What you have to do ▸ Nothing may be added, dropped, or altered; restate the listing word for word.

Provided material ▸
interpretation angel: compositional_semantics win
  by unfold_locales (simp_all add: win_mono)

interpretation demon: compositional_semantics dwin
  by unfold_locales (fact dwin_mono, fact dwin_Seq)

lemma ind_ang_subvalue_map: "ind_ang S \<alpha> \<Longrightarrow> angel.subvalue_map S \<alpha>"
proof (induction \<alpha> arbitrary: S)
  case (LChoice a \<gamma> \<delta>)
  then have "angel.subvalue_map S \<gamma>" "angel.subvalue_map S \<delta>"
    by simp_all
  with LChoice.prems show ?case
    by (intro angel.subvalue_map_LChoice)
      (auto simp: valid_Imp dest!: angel.subvalue_map_root)
next
  case (LDChoice a \<gamma> \<delta>)
  then have "angel.subvalue_map S \<gamma>" "angel.subvalue_map S \<delta>"
    by simp_all
  with LDChoice.prems show ?case
    by (intro angel.subvalue_map_LDChoice)
      (auto simp: valid_Imp dest!: angel.subvalue_map_root)
next
  case (LSeq a \<gamma> \<delta>)
  then show ?case
    by (intro angel.subvalue_map_LSeq) (auto simp: valid_Imp)
next
  case (LLoop a \<gamma>)
  have "fsem (S (N a)) \<subseteq> win (proj_ang (LLoop a \<gamma>) S) (fsem (S End))"
    using LLoop.prems by (simp add: valid_Imp)
  also have "\<dots> \<subseteq> win (erase (LLoop a \<gamma>)) (fsem (S End))"
    by (rule win_proj_ang_subset)
  finally show ?case
    using LLoop by (intro angel.subvalue_map_LLoop) auto
next
  case (LDLoop a \<gamma>)
  have \<gamma>: "angel.subvalue_map (S(End := S (N a))) \<gamma>"
    using LDLoop by auto
  have "fsem (S (N a)) \<subseteq> fsem (S End) \<inter> win (erase \<gamma>) (fsem (S (N a)))"
    using LDLoop.prems angel.subvalue_map_root[OF \<gamma>] by (auto simp: valid_Imp)
  then have "fsem (S (N a)) \<subseteq> win (erase (LDLoop a \<gamma>)) (fsem (S End))"
    unfolding erase.simps by (rule win_DLoop_coinduct)
  then show ?case using \<gamma>
    by (rule angel.subvalue_map_LDLoop)
qed (rule angel.subvalue_map_atomic; simp add: nodes_def valid_Imp)+

lemma ind_dem_subvalue_map: "ind_dem S \<alpha> \<Longrightarrow> demon.subvalue_map S \<alpha>"
proof (induction \<alpha> arbitrary: S)
  case (LChoice a \<gamma> \<delta>)
  then have "demon.subvalue_map S \<gamma>" "demon.subvalue_map S \<delta>"
    by simp_all
  with LChoice.prems show ?case
    by (intro demon.subvalue_map_LChoice)
      (auto simp: valid_Imp dwin_Choice dest!: demon.subvalue_map_root)
next
  case (LDChoice a \<gamma> \<delta>)
  then have "demon.subvalue_map S \<gamma>" "demon.subvalue_map S \<delta>"
    by simp_all
  with LDChoice.prems show ?case
    by (intro demon.subvalue_map_LDChoice)
      (auto simp: valid_Imp dwin_DChoice dest!: demon.subvalue_map_root)
next
  case (LSeq a \<gamma> \<delta>)
  then show ?case
    by (intro demon.subvalue_map_LSeq) (auto simp: valid_Imp)
next
  case (LLoop a \<gamma>)
  have \<gamma>: "demon.subvalue_map (S(End := S (N a))) \<gamma>"
    using LLoop by auto
  have "fsem (S (N a)) \<subseteq> fsem (S End) \<inter> dwin (erase \<gamma>) (fsem (S (N a)))"
    using LLoop.prems demon.subvalue_map_root[OF \<gamma>] by (auto simp: valid_Imp)
  then have "fsem (S (N a)) \<subseteq> dwin (erase (LLoop a \<gamma>)) (fsem (S End))"
    unfolding erase.simps by (rule dwin_Loop_induct)
  then show ?case using \<gamma>
    by (rule demon.subvalue_map_LLoop)
next
  case (LDLoop a \<gamma>)
  have "fsem (S (N a)) \<subseteq> dwin (proj_dem (LDLoop a \<gamma>) S) (fsem (S End))"
    using LDLoop.prems by (simp add: valid_Imp fsem_Box)
  also have "\<dots> \<subseteq> dwin (erase (LDLoop a \<gamma>)) (fsem (S End))"
    by (rule dwin_proj_dem_subset)
  finally show ?case
    using LDLoop by (intro demon.subvalue_map_LDLoop) auto
qed (rule demon.subvalue_map_atomic; simp add: nodes_def valid_Imp fsem_Box)+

Task solution ▸
interpretation angel: compositional_semantics win
  by unfold_locales (simp_all add: win_mono)

interpretation demon: compositional_semantics dwin
  by unfold_locales (fact dwin_mono, fact dwin_Seq)

lemma ind_ang_subvalue_map: "ind_ang S \<alpha> \<Longrightarrow> angel.subvalue_map S \<alpha>"
proof (induction \<alpha> arbitrary: S)
  case (LChoice a \<gamma> \<delta>)
  then have "angel.subvalue_map S \<gamma>" "angel.subvalue_map S \<delta>"
    by simp_all
  with LChoice.prems show ?case
    by (intro angel.subvalue_map_LChoice)
      (auto simp: valid_Imp dest!: angel.subvalue_map_root)
next
  case (LDChoice a \<gamma> \<delta>)
  then have "angel.subvalue_map S \<gamma>" "angel.subvalue_map S \<delta>"
    by simp_all
  with LDChoice.prems show ?case
    by (intro angel.subvalue_map_LDChoice)
      (auto simp: valid_Imp dest!: angel.subvalue_map_root)
next
  case (LSeq a \<gamma> \<delta>)
  then show ?case
    by (intro angel.subvalue_map_LSeq) (auto simp: valid_Imp)
next
  case (LLoop a \<gamma>)
  have "fsem (S (N a)) \<subseteq> win (proj_ang (LLoop a \<gamma>) S) (fsem (S End))"
    using LLoop.prems by (simp add: valid_Imp)
  also have "\<dots> \<subseteq> win (erase (LLoop a \<gamma>)) (fsem (S End))"
    by (rule win_proj_ang_subset)
  finally show ?case
    using LLoop by (intro angel.subvalue_map_LLoop) auto
next
  case (LDLoop a \<gamma>)
  have \<gamma>: "angel.subvalue_map (S(End := S (N a))) \<gamma>"
    using LDLoop by auto
  have "fsem (S (N a)) \<subseteq> fsem (S End) \<inter> win (erase \<gamma>) (fsem (S (N a)))"
    using LDLoop.prems angel.subvalue_map_root[OF \<gamma>] by (auto simp: valid_Imp)
  then have "fsem (S (N a)) \<subseteq> win (erase (LDLoop a \<gamma>)) (fsem (S End))"
    unfolding erase.simps by (rule win_DLoop_coinduct)
  then show ?case using \<gamma>
    by (rule angel.subvalue_map_LDLoop)
qed (rule angel.subvalue_map_atomic; simp add: nodes_def valid_Imp)+

lemma ind_dem_subvalue_map: "ind_dem S \<alpha> \<Longrightarrow> demon.subvalue_map S \<alpha>"
proof (induction \<alpha> arbitrary: S)
  case (LChoice a \<gamma> \<delta>)
  then have "demon.subvalue_map S \<gamma>" "demon.subvalue_map S \<delta>"
    by simp_all
  with LChoice.prems show ?case
    by (intro demon.subvalue_map_LChoice)
      (auto simp: valid_Imp dwin_Choice dest!: demon.subvalue_map_root)
next
  case (LDChoice a \<gamma> \<delta>)
  then have "demon.subvalue_map S \<gamma>" "demon.subvalue_map S \<delta>"
    by simp_all
  with LDChoice.prems show ?case
    by (intro demon.subvalue_map_LDChoice)
      (auto simp: valid_Imp dwin_DChoice dest!: demon.subvalue_map_root)
next
  case (LSeq a \<gamma> \<delta>)
  then show ?case
    by (intro demon.subvalue_map_LSeq) (auto simp: valid_Imp)
next
  case (LLoop a \<gamma>)
  have \<gamma>: "demon.subvalue_map (S(End := S (N a))) \<gamma>"
    using LLoop by auto
  have "fsem (S (N a)) \<subseteq> fsem (S End) \<inter> dwin (erase \<gamma>) (fsem (S (N a)))"
    using LLoop.prems demon.subvalue_map_root[OF \<gamma>] by (auto simp: valid_Imp)
  then have "fsem (S (N a)) \<subseteq> dwin (erase (LLoop a \<gamma>)) (fsem (S End))"
    unfolding erase.simps by (rule dwin_Loop_induct)
  then show ?case using \<gamma>
    by (rule demon.subvalue_map_LLoop)
next
  case (LDLoop a \<gamma>)
  have "fsem (S (N a)) \<subseteq> dwin (proj_dem (LDLoop a \<gamma>) S) (fsem (S End))"
    using LDLoop.prems by (simp add: valid_Imp fsem_Box)
  also have "\<dots> \<subseteq> dwin (erase (LDLoop a \<gamma>)) (fsem (S End))"
    by (rule dwin_proj_dem_subset)
  finally show ?case
    using LDLoop by (intro demon.subvalue_map_LDLoop) auto
qed (rule demon.subvalue_map_atomic; simp add: nodes_def valid_Imp fsem_Box)+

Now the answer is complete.